Karena kedudukannya yang sangat strategis, yaitu sebagai tempat singgah ke Maluku, Filipina, Cina, Patani, kepulauan nusa tenggara dan Indonesia bagian barat pada akhir abad ke XVI, berkembanglah makasar dengan pesat sebagai pusat perdagangan. Beberapa faktor  Historis yang membuat hal ini terjadi. Pertama, kedudukan Malaka oleh Portugis mengakibatkan migrasi para pedagan Melayu, antara lain ke Makassar. Kedua, aliran migran melayu bertambah besar setelah aceh mengadakan ekspedisi terus-menerus ke Johor dan pelabuhan-pelabuhan di semenanjung Melayu. Ketiga, blokade belanda terhadap Malaka dihindari oleh pedagang-pedagang baik dai Indonesia maupun dari India, Asia barat dan Asia timur.
Pedagang-pedagang barat menjadikan Makasar mempunyai peran sentral, yan menguntungkan sekali bagi perdagangan Malaka dan Maluku. Disana berbagai pedagang dari penjuru dapat bertemu. Maka selai rempah-rempah, hiduplah pasar untuk bermacam-macam barang, antara lain: sutera, emas, perselin, berlian, intan, kayu cendana, dan lain-lain. Bertemulah diasana pedagang-pedagang dari Maluku, Abon, Seram, Kai, Aru, Tanimbar, Solor, Timor, Ende, Bima, Bali, Jawa dan lain-lain. Sedangkan pedagang Asig selain Portugis yang datang ke Makassar yaitu pedagang dari Makao, Cina, jepang, Sailan, Gujarat, dan kemudian pada awal abad ke 17 juga pedagang Belanda Inggris dan Denmark.[2]

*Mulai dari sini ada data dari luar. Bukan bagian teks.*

(* Let $\rho\in\mathcal{D}$ be non-singular with $f$ differentiable at $\rho$, let $\varphi(\alpha):=\log\operatorname{tr}\exp[\log\rho-\alpha\nabla f(\rho)]$ and $\Delta:=\lambda_{\max}(\nabla f(\rho))-\lambda_{\min}(\nabla f(\rho))$. Then $\varphi''(\alpha)\le\Delta^2/4$ for all $\alpha\in\mathbb{R}$.
   Context: $\mathcal{D}=\{\rho\in\mathbb{C}^{d\times d}:\rho\succeq0,\ \operatorname{tr}\rho=1\}$; $f$ is a convex function on $d\times d$ Hermitian matrices with Hermitian gradient $\nabla f(\rho)$ w.r.t. $\langle A,B\rangle=\operatorname{tr}(A^{\mathrm H}B)$; $\exp,\log$ are matrix functions; $\lambda_{\max},\lambda_{\min}$ are largest/smallest eigenvalues. *)

theory Defs
  imports "HOL-Analysis.Analysis"
begin

type_synonym 'n cmat = "complex^'n^'n"

definition adj :: "'n::finite cmat \<Rightarrow> 'n cmat" where
  "adj A = (\<chi> i j. cnj (A $ j $ i))"

definition hermitian :: "'n::finite cmat \<Rightarrow> bool" where
  "hermitian A \<longleftrightarrow> adj A = A"

definition psd :: "'n::finite cmat \<Rightarrow> bool" where
  "psd A \<longleftrightarrow> hermitian A \<and>
     (\<forall>x::complex^'n. Re (\<Sum>i\<in>UNIV. cnj (x $ i) * ((A *v x) $ i)) \<ge> 0)"

definition density :: "'n::finite cmat set" where
  "density = {\<rho>. psd \<rho> \<and> trace \<rho> = 1}"

fun matpow :: "'n::finite cmat \<Rightarrow> nat \<Rightarrow> 'n cmat" where
  "matpow A 0 = mat 1"
| "matpow A (Suc k) = A ** matpow A k"

definition mexp :: "'n::finite cmat \<Rightarrow> 'n cmat" where
  "mexp A = (\<Sum>k. (1 / fact k) *\<^sub>R matpow A k)"

definition mlog :: "'n::finite cmat \<Rightarrow> 'n cmat" where
  "mlog A = (THE H. hermitian H \<and> mexp H = A)"

definition real_eigenvalues :: "'n::finite cmat \<Rightarrow> real set" where
  "real_eigenvalues A = {l. \<exists>v::complex^'n. v \<noteq> 0 \<and> A *v v = complex_of_real l *s v}"

definition lambda_max :: "'n::finite cmat \<Rightarrow> real" where
  "lambda_max A = Max (real_eigenvalues A)"

definition lambda_min :: "'n::finite cmat \<Rightarrow> real" where
  "lambda_min A = Min (real_eigenvalues A)"

text \<open>Inner product <A,B> = tr(A^H B); on Hermitian matrices it is real, we take its real part.\<close>
definition hs_inner :: "'n::finite cmat \<Rightarrow> 'n cmat \<Rightarrow> real" where
  "hs_inner A B = Re (trace (adj A ** B))"

end

theory Submission
  imports Defs
begin

(* With H = log rho, the function is phi(a) = log Z(a) with Z(a) = tr exp(H - a G), so
   phi'' = Z''/Z - (Z'/Z)^2.  Differentiating the exponential series termwise and evaluating the
   traces in an orthonormal eigenbasis (s, l_s) of H - a G gives Z = sum_s e^(l_s),
   Z' = - sum_s e^(l_s) <s, G s> and Z'' = sum_(s,t) |<t, G s>|^2 (e^(l_s) - e^(l_t)) / (l_s - l_t).
   A divided difference of exp is at most the arithmetic mean of its two endpoint values, so
   Z'' <= sum_s e^(l_s) |G s|^2.  With the weights p_s = e^(l_s) / Z this bounds phi'' by the
   variance sum_s p_s |G s|^2 - (sum_s p_s <s, G s>)^2, which is at most sum_s p_s |G s - c s|^2
   <= Delta^2 / 4 for c the midpoint of the spectrum of G. *)

section \<open>The complex inner product and orthonormal bases\<close>

definition cinner :: "complex^'n::finite \<Rightarrow> complex^'n \<Rightarrow> complex" where
  "cinner x y = (\<Sum>i\<in>UNIV. cnj (x$i) * y$i)"

lemma cinner_add_right: "cinner x (y + z) = cinner x y + cinner x z"
  by (simp add: cinner_def distrib_left sum.distrib)

lemma cinner_add_left: "cinner (x + y) z = cinner x z + cinner y z"
  by (simp add: cinner_def distrib_right sum.distrib)

lemma cinner_diff_right: "cinner x (y - z) = cinner x y - cinner x z"
  by (simp add: cinner_def right_diff_distrib sum_subtractf)

lemma cinner_scale_right: "cinner x (c *s y) = c * cinner x y"
  by (simp add: cinner_def sum_distrib_left algebra_simps)

lemma cinner_scale_left: "cinner (c *s x) y = cnj c * cinner x y"
  by (simp add: cinner_def sum_distrib_left algebra_simps)

lemma cinner_zero_right [simp]: "cinner x 0 = 0"
  by (simp add: cinner_def)

lemma cinner_neg_left: "cinner (- x) y = - cinner x y"
  by (simp add: cinner_def sum_negf)

lemma cinner_neg_right: "cinner x (- y) = - cinner x y"
  by (simp add: cinner_def sum_negf)

lemma cinner_sum_right: "cinner x (\<Sum>s\<in>S. f s) = (\<Sum>s\<in>S. cinner x (f s))"
  by (induction S rule: infinite_finite_induct) (auto simp: cinner_add_right)

lemma cinner_commute: "cinner y x = cnj (cinner x y)"
  by (simp add: cinner_def mult.commute)

lemma Re_cinner_eq_inner: "Re (cinner x y) = inner x y"
  by (simp add: cinner_def inner_vec_def inner_complex_def Re_sum)

lemma cinner_self_eq_norm: "cinner x x = complex_of_real ((norm x)\<^sup>2)"
proof -
  have "cinner x x = complex_of_real (\<Sum>i\<in>UNIV. (cmod (x$i))\<^sup>2)"
    unfolding cinner_def of_real_sum
    by (rule sum.cong[OF refl], subst complex_norm_square, rule mult.commute)
  thus ?thesis by (simp add: norm_vec_def L2_set_def sum_nonneg)
qed

lemma cinner_self_eq_1_iff: "cinner x x = 1 \<longleftrightarrow> norm x = 1"
proof -
  have "cinner x x = 1 \<longleftrightarrow> (norm x)\<^sup>2 = 1"
    unfolding cinner_self_eq_norm by (metis of_real_eq_1_iff)
  also have "\<dots> \<longleftrightarrow> norm x = 1"
    using norm_ge_zero[of x] by (smt (verit) power2_eq_1_iff)
  finally show ?thesis .
qed

lemma cinner_self_eq_0_iff: "cinner x x = 0 \<longleftrightarrow> x = 0"
  by (simp add: cinner_self_eq_norm del: of_real_power)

2.      Politik perdagangan maritim VOC
Seperti telah dibahas sebelumnya, Jawa sudah menunjukkan kondisinya yang semakin lemah. Pada saat itu, Jawa tidak lagi bisa membuat satu jung dalam sepuluh tahun. Merosotnya kekuatan maritim ini di perparah dengan serbuan mataram ke kota-kota pesisir pada awal abad ke XVI. Hal ini memudahkan orang-orang eropa untuk memonopoli kawasan ini.[3]
Pada awal-awal abad XVII ketika masuknya pedagang belanda (baca:VOC), kebijakan perdagangan indonesia masih menggunakan sisitem terbuka. Sistem perdagangan seperti jual beli, penawaran, penentuan harga, kesemuanya telah mengikuti proses siste yang telah berlaku lama sejak adanya kerajaan-kerajaan di nusantara. Perdagangan rempah-rempah menjadi yang utama namun tidak terpisah dari perdagangan beras, sagu, kain dan komoditi lainnya.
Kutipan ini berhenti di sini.